Additional resources and electronic supplementary material: supplementary material

Submitted: 12 December 2023
Accepted: 05 January 2024
Copyedited by: Shino Magaki
Published: 10 January 2024

https://doi.org/10.17879/freeneuropathology-2024-5226

Keywords: Pituitary, Classification, Machine learning, Statistical learning

Abstract

The World Health Organization classification of pituitary tumors provides a framework for pathologists and researchers to classify pituitary adenomas. From the perspective of a practicing pathologist, this classification can be improved by pooling immunohistochemical data in a more standardized way, and by deliberately distinguishing features that assist in classification from those that do not. This article illustrates one general workflow to examine classification features consisting of immunohistochemical stains for anterior pituitary tumors, in order to promote debate and advance an evidence-based framework for classification.

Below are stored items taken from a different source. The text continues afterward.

(* Let $G$ be the three-player game with $A_i=\{a_{i1},a_{i2}\}$ for $i=1,2,3$ and fitness vectors $\pi(a_{11},a_{21},a_{31})=(7,7,7)$, $\pi(a_{11},a_{22},a_{31})=(9,6,0)$, $\pi(a_{12},a_{21},a_{31})=(6,0,9)$, $\pi(a_{12},a_{22},a_{31})=(6,0,9)$, $\pi(a_{11},a_{21},a_{32})=(0,9,6)$, $\pi(a_{11},a_{22},a_{32})=(9,6,0)$, $\pi(a_{12},a_{21},a_{32})=(0,9,6)$, $\pi(a_{12},a_{22},a_{32})=(1,1,1)$. Then the profile $(a_{11},a_{21},a_{31})$, which is a Pareto-efficient strict Nash equilibrium of $G$, is not stable under perfect observability.
   Context: Preference types: $\Theta=\mathbb{R}^A$, $A=A_1\times A_2\times A_3$ (utility functions on $A$, extended multilinearly to mixed profiles); $\pi_i$ likewise extended. $\mathcal{M}(\Theta^3)$ is the set of product distributions $\mu=\mu_1\times\mu_2\times\mu_3$ with finitely supported marginals; $\operatorname{supp}\mu=\prod_i\operatorname{supp}\mu_i$, $\mu(\theta)=\prod_i\mu_i(\theta_i)$, $\mu_{-i}(\theta_{-i})=\prod_{j\ne i}\mu_j(\theta_j)$. Mutants: for nonempty $J\subseteq N=\{1,2,3\}$, a mutant sub-profile is $\tilde\theta_J\in\prod_{j\in J}(\Theta\setminus\operatorname{supp}\mu_j)$ with shares $\varepsilon\in(0,1)^{|J|}$, $\|\varepsilon\|=\max_j\varepsilon_j$; post-entry $\tilde\mu^\varepsilon_i=(1-\varepsilon_i)\mu_i+\varepsilon_i\delta_{\tilde\theta_i}$ for $i\in J$, $\tilde\mu^\varepsilon_i=\mu_i$ otherwise. Perfect observability: an equilibrium is a map $b:\operatorname{supp}\mu\to\prod_i\Delta(A_i)$ such that each $b(\theta)$ is a Nash equilibrium of the game with payoffs $\theta_1,\theta_2,\theta_3$; $B_1(\mu)$ is the set of these; $(\mu,b)$ is a configuration, with aggregate outcome $\varphi_{\mu,b}(a)=\sum_{\theta}\mu(\theta)\prod_i b_i(\theta)(a_i)$. Average fitness $\Pi_{\theta_i}(\mu;b)=\sum_{\theta'_{-i}}\mu_{-i}(\theta'_{-i})\pi_i(b(\theta_i,\theta'_{-i}))$. Balanced: equal average fitness of all types within each population. Focal set $B_1(\tilde\mu^\varepsilon;b)=\{\tilde b\in B_1(\tilde\mu^\varepsilon):\tilde b=b\text{ on }\operatorname{supp}\mu\}$. $(\mu,b)$ is stable if balanced and for every nonempty $J$ and every $\tilde\theta_J$ there is $\bar\epsilon\in(0,1)$ such that for all $\varepsilon$ with $\|\varepsilon\|<\bar\epsilon$ and all $\tilde b$ in the focal set, either (i) some $j\in J$ has $\Pi_{\theta_j}(\tilde\mu^\varepsilon;\tilde b)>\Pi_{\tilde\theta_j}(\tilde\mu^\varepsilon;\tilde b)$ for all $\theta_j\in\operatorname{supp}\mu_j$, or (ii) for every $i$ all types in $\operatorname{supp}\tilde\mu^\varepsilon_i$ have equal average fitness. A pure profile $a$ is stable if the point mass at $a$ is the aggregate outcome of a stable configuration. *)

theory Defs
  imports Complex_Main
begin

datatype pl = P1 | P2 | P3

instance pl :: finite
proof
  have "(UNIV :: pl set) = {P1, P2, P3}" by (auto intro: pl.exhaust)
  then show "finite (UNIV :: pl set)" by (metis finite.emptyI finite_insert)
qed

text \<open>act: X1 stands for a_{i1}, X2 for a_{i2} (same labels for each player i).\<close>
datatype act = X1 | X2

instance act :: finite
proof
  have "(UNIV :: act set) = {X1, X2}" by (auto intro: act.exhaust)
  then show "finite (UNIV :: act set)" by (metis finite.emptyI finite_insert)
qed

text \<open>A preference type / fitness function is a real function on pure profiles
  ('p => 'a); mixed profiles are 'p => 'a => real; EU is the multilinear extension.\<close>

definition EU :: "(('p::finite \<Rightarrow> 'a::finite) \<Rightarrow> real) \<Rightarrow> ('p \<Rightarrow> 'a \<Rightarrow> real) \<Rightarrow> real" where
  "EU u \<sigma> = (\<Sum>a\<in>UNIV. u a * (\<Prod>i\<in>UNIV. \<sigma> i (a i)))"

definition mixed :: "('a::finite \<Rightarrow> real) \<Rightarrow> bool" where
  "mixed s \<longleftrightarrow> (\<forall>x. 0 \<le> s x) \<and> sum s UNIV = 1"

definition nash :: "('p::finite \<Rightarrow> ('p \<Rightarrow> 'a::finite) \<Rightarrow> real) \<Rightarrow> ('p \<Rightarrow> 'a \<Rightarrow> real) \<Rightarrow> bool" where
  "nash u \<sigma> \<longleftrightarrow> (\<forall>i. mixed (\<sigma> i)) \<and>
     (\<forall>i s. mixed s \<longrightarrow> EU (u i) (\<sigma>(i := s)) \<le> EU (u i) \<sigma>)"

definition strict_nash_pure :: "('p \<Rightarrow> ('p \<Rightarrow> 'a) \<Rightarrow> real) \<Rightarrow> ('p \<Rightarrow> 'a) \<Rightarrow> bool" where
  "strict_nash_pure u a \<longleftrightarrow> (\<forall>i x. x \<noteq> a i \<longrightarrow> u i (a(i := x)) < u i a)"

definition pareto_efficient :: "('p \<Rightarrow> ('p \<Rightarrow> 'a) \<Rightarrow> real) \<Rightarrow> ('p \<Rightarrow> 'a) \<Rightarrow> bool" where
  "pareto_efficient u a \<longleftrightarrow>
     \<not> (\<exists>a'. (\<forall>i. u i a \<le> u i a') \<and> (\<exists>i. u i a < u i a'))"

definition supp :: "('b \<Rightarrow> real) \<Rightarrow> 'b set" where
  "supp d = {t. d t \<noteq> 0}"

definition findist :: "('b \<Rightarrow> real) \<Rightarrow> bool" where
  "findist d \<longleftrightarrow> finite (supp d) \<and> (\<forall>t. 0 \<le> d t) \<and> sum d (supp d) = 1"

text \<open>mu : 'p => (preference type => probability); a product distribution in M(Theta^3).\<close>
definition popdist :: "('p \<Rightarrow> 'b \<Rightarrow> real) \<Rightarrow> bool" where
  "popdist \<mu> \<longleftrightarrow> (\<forall>i. findist (\<mu> i))"

definition suppP :: "('p \<Rightarrow> 'b \<Rightarrow> real) \<Rightarrow> ('p \<Rightarrow> 'b) set" where
  "suppP \<mu> = {\<theta>. \<forall>i. \<theta> i \<in> supp (\<mu> i)}"

definition equil :: "('p::finite \<Rightarrow> (('p \<Rightarrow> 'a::finite) \<Rightarrow> real) \<Rightarrow> real)
     \<Rightarrow> (('p \<Rightarrow> (('p \<Rightarrow> 'a) \<Rightarrow> real)) \<Rightarrow> ('p \<Rightarrow> 'a \<Rightarrow> real)) \<Rightarrow> bool" where
  "equil \<mu> b \<longleftrightarrow> (\<forall>\<theta>\<in>suppP \<mu>. nash \<theta> (b \<theta>))"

Introduction: opportunities for improvement

Every pathologist spends their career building or adapting tools to better characterize the diseases encountered in their practice. For neoplasms, this often begins by becoming familiar with the microscopic spectrum of the disease, the demographics of commonly affected individuals, and common clinical presentations. Consciously or unconsciously, we build a list of features that we find useful in classifying a disease, and then move on to refine the classification or provide additional prognostic or predictive information.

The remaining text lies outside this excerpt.